In the past, your fund was occasionally invested in countries that had some catching up to do in terms of environmental and social standards. Why, then, was the fund classified as sustainable by a state authority?

Hauser: ERSTE RESPONSIBLE BOND EM LOCAL was launched in 2008. This made it possible for the first time for a broad investor base to invest in a widely diversified portfolio of local currency government bonds from the emerging markets. Over time, however, the keener focus on ESG criteria has made investments in emerging markets government bonds increasingly unattractive. This has caused us to change the investment universe.

What is the reason for this complete overhaul of your investment policy? Government bonds hardly play a role anymore. How come?

As a result of our swapping government bonds for bonds issued by supranational issuers, the fund has climbed to the highest echelons of the ESG ranking. Investments in countries that make little progress in implementing and complying with social and environmental standards or that do not meet minimum criteria in areas such as corruption or the rule of law are excluded under the new concept. Instead, we invest in bonds from supranational issuers.

What are bonds from supranational issuers?

Supranational (SSA; sovereign, supranational, and agency) bonds are generally defined as debt securities issued by international institutions or national non-governmental institutions with a public mandate. SSAs have different mandates and geographic focuses and are managed as if they were private but are owned by one or more governments. These institutions generally link their lending with social and political objectives, which are, of course, tied to compliance with ESG criteria. This is how supranational issuers achieve a very high ESG rating, and it is how we were awarded the Austrian Ecolabel. Examples of supranational issuers include the World Bank, the European Investment Bank, and the Asian Development Bank.

IMF forecast: real GDP growth in the most important industrialised and emerging economies from 2023 to 2025 (year-on-year)

In the USA, China, Japan, Brazil, Russia and India, GDP will fall in 2025 compared to 2023. It will rise in Germany, the eurozone, France and the UK.

Source: IMF; © Statista 2024. Further information: global, 2023 to 2025

Do higher social and environmental standards affect issuers’ credit ratings?

SSA issuers generally have a higher credit quality than corresponding government bonds; they are usually rated AAA or AA. This allows investors to invest in emerging markets currencies by purchasing high-quality securities. In addition to the aforementioned ESG benefits, issues by supranational issuers also come with the advantage of no withholding tax. Also, the Eurobond format may eliminate the need for a local custodian bank.

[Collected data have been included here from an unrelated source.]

lemma closed_box_homeomorphism:
  obtains g where "continuous_on ((\<lambda>z. (fst z, u z)) ` closed_box) g"
    and "\<And>z. z \<in> closed_box \<Longrightarrow> g (fst z, u z) = z"
proof -
  have "inj_on (\<lambda>z. (fst z, u z)) closed_box"
  proof (rule inj_onI)
    fix a b assume "a \<in> closed_box" "b \<in> closed_box" "(fst a, u a) = (fst b, u b)"
    then show "a = b" unfolding closed_box_def
      using inj_vertical[of "fst a" "snd a" "snd b"] by (auto simp: prod_eq_iff abs_le_iff)
  qed
  moreover have "continuous_on closed_box (\<lambda>z. (fst z, u z))"
    by (intro continuous_intros cauchy_analytic_continuous_on[OF analytic])
  moreover have "compact closed_box" unfolding closed_box_def by (intro compact_Times compact_Icc)
  ultimately obtain g where "homeomorphism closed_box ((\<lambda>z. (fst z, u z)) ` closed_box) (\<lambda>z. (fst z, u z)) g"
    using homeomorphism_compact by blast
  then show ?thesis using that unfolding homeomorphism_def by auto
qed

lemma horizontal_segment_in_image:
  assumes "\<bar>t - u (x\<^sub>0, y\<^sub>0)\<bar> < \<eta>"
  shows "(\<lambda>x. (x, t)) ` {x\<^sub>0 - \<delta>..x\<^sub>0 + \<delta>} \<subseteq> (\<lambda>z. (fst z, u z)) ` closed_box"
proof
  fix w assume "w \<in> (\<lambda>x. (x, t)) ` {x\<^sub>0 - \<delta>..x\<^sub>0 + \<delta>}"
  then obtain x where "x \<in> {x\<^sub>0 - \<delta>..x\<^sub>0 + \<delta>}" and w: "w = (x, t)" by auto
  then have x: "\<bar>x - x\<^sub>0\<bar> \<le> \<delta>" by auto
  obtain y where "y\<^sub>0 - \<epsilon> < y" "y < y\<^sub>0 + \<epsilon>" "u (x, y) = t"
    using level_meets_vertical[OF x assms] by blast
  then have "(x, y) \<in> closed_box" "w = (fst (x, y), u (x, y))"
    using x w unfolding closed_box_def by auto
  then show "w \<in> (\<lambda>z. (fst z, u z)) ` closed_box" by blast
qed

text \<open>The horizontal segment at height \<open>u z\<^sub>1\<close> pulls back to a connected piece of the level set
  containing all points of \<open>S\<close> at that level.\<close>
lemma connected_component_level_S:
  assumes z\<^sub>1: "z\<^sub>1 \<in> S" and z\<^sub>2: "z\<^sub>2 \<in> S" and eq: "u z\<^sub>1 = u z\<^sub>2"
  shows "connected_component {z. u z = u z\<^sub>1} z\<^sub>1 z\<^sub>2"
proof -
  obtain g where g_cont: "continuous_on ((\<lambda>z. (fst z, u z)) ` closed_box) g"
    and g_inv: "\<And>z. z \<in> closed_box \<Longrightarrow> g (fst z, u z) = z"
    using closed_box_homeomorphism by blast
  define L where "L = (\<lambda>x. (x, u z\<^sub>1)) ` {x\<^sub>0 - \<delta>..x\<^sub>0 + \<delta>}"
  have L_sub: "L \<subseteq> (\<lambda>z. (fst z, u z)) ` closed_box"
    unfolding L_def using S_bounds[OF z\<^sub>1] by (intro horizontal_segment_in_image) auto
  have "connected L" unfolding L_def
    by (intro connected_continuous_image continuous_intros connected_Icc)
  then have "connected (g ` L)"
    by (rule connected_continuous_image[OF continuous_on_subset[OF g_cont L_sub]])
  moreover have "g ` L \<subseteq> {z. u z = u z\<^sub>1}"
  proof
    fix v assume "v \<in> g ` L"
    then obtain k where "k \<in> closed_box" "v = g (fst k, u k)" "(fst k, u k) \<in> L"
      using L_sub by auto
    then show "v \<in> {z. u z = u z\<^sub>1}" using g_inv unfolding L_def by auto
  qed
  moreover have in_image: "z \<in> g ` L" if "z \<in> S" "u z = u z\<^sub>1" for z
  proof -
    have "(fst z, u z) \<in> L"
      using S_bounds[OF that(1)] that(2) unfolding L_def by (auto simp: abs_less_iff)
    then show ?thesis using g_inv[of z] S_subset_closed_box that(1) by (metis image_eqI subsetD)
  qed
  ultimately show ?thesis
    using connected_componentI in_image z\<^sub>1 z\<^sub>2 eq by metis
qed

definition level_const :: "(real \<times> real \<Rightarrow> real) \<Rightarrow> bool" where
  "level_const g \<longleftrightarrow> (\<forall>z\<^sub>1\<in>S. \<forall>z\<^sub>2\<in>S. u z\<^sub>1 = u z\<^sub>2 \<longrightarrow> g z\<^sub>1 = g z\<^sub>2)"

definition level_height :: "real \<Rightarrow> real" where
  "level_height s = (THE y. y\<^sub>0 - \<epsilon> \<le> y \<and> y \<le> y\<^sub>0 + \<epsilon> \<and> u (x\<^sub>0, y) = s)"

lemma level_height_u:
  assumes "y\<^sub>0 - \<epsilon> \<le> y" "y \<le> y\<^sub>0 + \<epsilon>"
  shows "level_height (u (x\<^sub>0, y)) = y"
  unfolding level_height_def
  by (rule the_equality) (use assms inj_vertical[of x\<^sub>0] \<delta>_pos in auto)

lemma level_height:
  assumes "\<bar>s - u (x\<^sub>0, y\<^sub>0)\<bar> < \<eta>"
  shows "y\<^sub>0 - \<epsilon> < level_height s" "level_height s < y\<^sub>0 + \<epsilon>" "u (x\<^sub>0, level_height s) = s"
proof -
  obtain y where "y\<^sub>0 - \<epsilon> < y" "y < y\<^sub>0 + \<epsilon>" "u (x\<^sub>0, y) = s"
    using level_meets_vertical[OF _ assms, of x\<^sub>0] \<delta>_pos by auto
  with level_height_u[of y]
  show "y\<^sub>0 - \<epsilon> < level_height s" "level_height s < y\<^sub>0 + \<epsilon>" "u (x\<^sub>0, level_height s) = s"
    by auto
qed

lemma open_horizontal_slice: "open {t. (t, y) \<in> S}"
  using continuous_open_vimage[OF open_S, of "\<lambda>t. (t, y)"] by (simp add: vimage_def continuous_intros)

Apart from the positive classification of the fund, what reasons do you see for investing in emerging markets bonds at this point in time?

At present, emerging markets bonds are supported by a favourable growth and inflation environment. We do not expect the existing signs of a slowdown in the US economy to turn into a recession. At the same time, we envisage a further decline in inflation rates. Although some stabilisation tendencies can be observed in core inflation rates, the disinflation trend should continue. In such a scenario, local currency bonds should benefit in particular.

The beginning of a cycle of interest rate cuts in the USA is another factor with a positive impact on emerging markets bonds. The average yield of the bonds held by ERSTE RESPONSIBLE BOND EM LOCAL is currently 7.54% (source: Erste Asset Management, as of 17 September 2024). However, currency risk must also be taken into account. On that front, many models show that emerging markets currencies are fairly valued or even undervalued. This implies that the expected total return in euro will be clearly positive.

Anton Hauser, Fund Manager
ERSTE RESPONSIBLE BOND EM LOCAL: Lower interest rates in the USA mean that investments in emerging markets are becoming more attractive and are triggering capital inflows into the countries there.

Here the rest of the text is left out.